lemma sigma_max_eq_onorm: "sigma_max A = onorm ((*v) A)"
proof -
  let ?s = "onorm ((*v) A)" and ?H = "cadj A ** A"
  let ?E = "{x::real. \<exists>v. v \<noteq> 0 \<and> ?H *v v = x *\<^sub>R v}"
  obtain v where "norm v = 1" "norm (A *v v) = ?s"
    using onorm_attained[of "(*v) A"] by auto
  then have "?H *v v = ?s\<^sup>2 *\<^sub>R v" and "v \<noteq> 0"
    by (auto intro: onorm_maximizer_eigenvector)
  then have "?s\<^sup>2 \<in> ?E"
    by blast
  moreover have "finite ?E"
    by (rule finite_eigenvalues_self_adjoint)
      (metis inner_cadj inner_commute matrix_vector_mul_assoc)
  ultimately have "Max ?E = ?s\<^sup>2"
    using eigenvalue_cadj_mult_le by (intro Max_eqI) auto
  then show ?thesis
    by (simp add: sigma_max_def onorm_pos_le flip: scaleR_eq_of_real_scale)
qed

lemma sigma_max_cadj: "sigma_max (cadj A) = sigma_max A"
  by (simp add: sigma_max_eq_onorm onorm_cadj)

lemma sigma_max_mult_cadj: "sigma_max (A ** cadj A) = (sigma_max A)\<^sup>2"
proof -
  let ?s = "onorm ((*v) A)"
  have "onorm ((*v) (A ** cadj A)) \<le> ?s\<^sup>2"
  proof (rule onorm_le)
    fix u
    have "norm (A *v (cadj A *v u)) \<le> ?s * norm (cadj A *v u)"
      by (simp add: onorm)
    also have "\<dots> \<le> ?s * (?s * norm u)"
      using onorm[of "(*v) (cadj A)" u] by (simp add: onorm_cadj mult_left_mono onorm_pos_le)
    finally show "norm ((A ** cadj A) *v u) \<le> ?s\<^sup>2 * norm u"
      by (simp add: matrix_vector_mul_assoc power2_eq_square mult_ac)
  qed
  moreover have "?s\<^sup>2 \<le> onorm ((*v) (A ** cadj A))"
  proof -
    obtain v where v: "norm v = 1" "norm (cadj A *v v) = ?s"
      using onorm_attained[of "(*v) (cadj A)"] by (auto simp: onorm_cadj)
    have "?s\<^sup>2 = inner v ((A ** cadj A) *v v)"
      by (metis v(2) inner_cadj inner_commute matrix_vector_mul_assoc power2_norm_eq_inner)
    also have "\<dots> \<le> norm ((A ** cadj A) *v v)"
      using norm_cauchy_schwarz[of v] v(1) by simp
    also have "\<dots> \<le> onorm ((*v) (A ** cadj A))"
      using onorm[of "(*v) (A ** cadj A)" v] v(1) by simp
    finally show ?thesis .
  qed
  ultimately show ?thesis
    by (simp add: sigma_max_eq_onorm)
qed

lemma sigma_max_cmat_squared: "(sigma_max (cmat G))\<^sup>2 = sigma_max (cmat (G ** transpose G))"
  by (simp add: cmat_mult cadj_cmat flip: sigma_max_mult_cadj)

lemma onorm_sq_eq_combination:
  fixes f :: "'a::euclidean_space \<Rightarrow> 'b::real_normed_vector" and g :: "'a \<Rightarrow> 'c::real_normed_vector"
  assumes "bounded_linear f" "bounded_linear g" "a \<ge> 0" "b \<ge> 0"
    and norm_f: "\<And>x. (norm (f x))\<^sup>2 = a * (norm (g x))\<^sup>2 + b * (norm x)\<^sup>2"
  shows "(onorm f)\<^sup>2 = a * (onorm g)\<^sup>2 + b"
proof -
  define c where "c = sqrt (a * (onorm g)\<^sup>2 + b)"
  have c: "c \<ge> 0" "c\<^sup>2 = a * (onorm g)\<^sup>2 + b"
    using assms by (simp_all add: c_def)
  have "onorm f \<le> c"
  proof (rule onorm_le)
    fix x
    have "(norm (f x))\<^sup>2 \<le> a * (onorm g * norm x)\<^sup>2 + b * (norm x)\<^sup>2"
      using onorm[OF assms(2), of x] assms(3) by (simp add: norm_f mult_left_mono power_mono)
    also have "\<dots> = (c * norm x)\<^sup>2"
      by (simp add: c power_mult_distrib algebra_simps)
    finally show "norm (f x) \<le> c * norm x"
      by (rule power2_le_imp_le) (simp add: c)
  qed
  moreover have "c \<le> onorm f"
  proof -
    obtain v where v: "norm v = 1" "norm (g v) = onorm g"
      using onorm_attained[OF assms(2)] by blast
    then have "norm (f v) = c"
      using norm_f[of v] c by (metis power2_eq_imp_eq norm_ge_zero mult.right_neutral power_one)
    then show ?thesis
      using onorm[OF assms(1), of v] v(1) by simp
  qed
  ultimately show ?thesis
    using c by simp
qed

What you need to do :: From the first line of the records to the line containing "by (simp add: sigma_max_eq_onorm onorm_cadj)", inclusive, transcribe everything exactly and leave out the rest.

Reply to the task ::
lemma sigma_max_eq_onorm: "sigma_max A = onorm ((*v) A)"
proof -
  let ?s = "onorm ((*v) A)" and ?H = "cadj A ** A"
  let ?E = "{x::real. \<exists>v. v \<noteq> 0 \<and> ?H *v v = x *\<^sub>R v}"
  obtain v where "norm v = 1" "norm (A *v v) = ?s"
    using onorm_attained[of "(*v) A"] by auto
  then have "?H *v v = ?s\<^sup>2 *\<^sub>R v" and "v \<noteq> 0"
    by (auto intro: onorm_maximizer_eigenvector)
  then have "?s\<^sup>2 \<in> ?E"
    by blast
  moreover have "finite ?E"
    by (rule finite_eigenvalues_self_adjoint)
      (metis inner_cadj inner_commute matrix_vector_mul_assoc)
  ultimately have "Max ?E = ?s\<^sup>2"
    using eigenvalue_cadj_mult_le by (intro Max_eqI) auto
  then show ?thesis
    by (simp add: sigma_max_def onorm_pos_le flip: scaleR_eq_of_real_scale)
qed

lemma sigma_max_cadj: "sigma_max (cadj A) = sigma_max A"
  by (simp add: sigma_max_eq_onorm onorm_cadj)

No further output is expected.